Although god damn it NPR, why do you have to try to be college radio in your schizophrenic often bewildering music selections for your 10-15 second music breaks. What the hell do you achieve by that? I mean, I appreciate the All Songs Considered segments. I listen to those podcasts on iTunes but how is 15 seconds of a song no one knows gonna help the band or the listener. You never identify the track and its always some new hipster album. At least give us a clue....or play more like 20-25 seconds and tell us who the artist is.

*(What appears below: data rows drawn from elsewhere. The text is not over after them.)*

definition H_graph :: "(nat + nat) graph" where
  "H_graph = graph_join (complete_graph {0, 1}) (edgeless_graph {0, 1})"

end

theory Submission
  imports Defs
begin

(* L(H) is the wheel W_4: its hub is the edge a of K_2 and its rim is the 4-cycle x y z w, where
   x and w are the two edges at v.  The out-degree budgets f - 1 add up to 1+1+2+2+2 = 8, which is
   the number of edges of L(H); so an f-orientation orients every edge one way only and exhausts
   every budget.  Kernel-perfectness forbids cyclic triangles.  Up to symmetry x -> w; then x has
   no other out-neighbour, so a -> x, the triangle a x w forces a -> w, so z -> a, the triangle
   a w z forces z -> w, and w is left without an out-neighbour. *)

definition simple_graph :: "'a graph \<Rightarrow> bool" where
  "simple_graph G \<longleftrightarrow> finite (verts G) \<and>
     (\<forall>e \<in> edges G. \<exists>u \<in> verts G. \<exists>w \<in> verts G. u \<noteq> w \<and> e = {u, w})"

lemma simple_graph_line_graph:
  assumes "finite (edges G)"
  shows "simple_graph (line_graph G)"
  using assms unfolding simple_graph_def line_graph_def verts_def edges_def by auto

lemma finite_edges_simple_graph:
  assumes "simple_graph G"
  shows "finite (edges G)"
proof (rule finite_subset)
  show "edges G \<subseteq> Pow (verts G)"
  proof
    fix e assume "e \<in> edges G"
    then obtain u w where "u \<in> verts G" "w \<in> verts G" "e = {u, w}"
      using assms unfolding simple_graph_def by blast
    then show "e \<in> Pow (verts G)" by simp
  qed
  show "finite (Pow (verts G))" using assms unfolding simple_graph_def by simp
qed

lemma verts_line_graph [simp]: "verts (line_graph G) = edges G"
  unfolding line_graph_def verts_def by simp

lemma edges_line_graph_iff:
  "{p, q} \<in> edges (line_graph G) \<longleftrightarrow>
     p \<in> edges G \<and> q \<in> edges G \<and> p \<noteq> q \<and> p \<inter> q \<noteq> {}"
proof
  assume "{p, q} \<in> edges (line_graph G)"
  then obtain e e' where "{p, q} = {e, e'}" "e \<in> edges G" "e' \<in> edges G" "e \<noteq> e'" "e \<inter> e' \<noteq> {}"
    unfolding line_graph_def edges_def[of "(_, _)"] by auto
  moreover from \<open>{p, q} = {e, e'}\<close> have "p = e \<and> q = e' \<or> p = e' \<and> q = e"
    by (simp add: doubleton_eq_iff)
  ultimately show "p \<in> edges G \<and> q \<in> edges G \<and> p \<noteq> q \<and> p \<inter> q \<noteq> {}"
    by (auto simp: inf_commute)
next
  assume "p \<in> edges G \<and> q \<in> edges G \<and> p \<noteq> q \<and> p \<inter> q \<noteq> {}"
  then show "{p, q} \<in> edges (line_graph G)"
    unfolding line_graph_def edges_def[of "(_, _)"] by auto
qed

And another thing, what's up with the "philosophy" of silence. I mean, things could be a lot tigher. I know stuff is coming in from satellite feeds and you have to get timing right with member stations but sometimes there is literally 5 or more seconds of silence between bits. That's not professional. Come on guys!

9:05

Got off the Turnpike at Somerset cuz I was feelin uneasy about doing that Tunnel at Allegheny Mountain. Claustrophobia in tunnels FREAKS ME OUT!!!! I broke out that Roland Kirk Live in Copenhagen which I mentioned earlier in a previous entry. I'm not gonna lie. It's certainly not his best live session but the energy is there and it makes you excited to listen to him go on about what he's doing as he does it. He shared that trait with Cannonball and I wonder if they ever did a concert together or shared a co-billing. Hearing the two of them rap and play off of each other would have been amazing. Tete Montoliu is very good on keys and NHOP also excellent on bass. I was gettin excited when Kirk quoted Confirmation on track 3.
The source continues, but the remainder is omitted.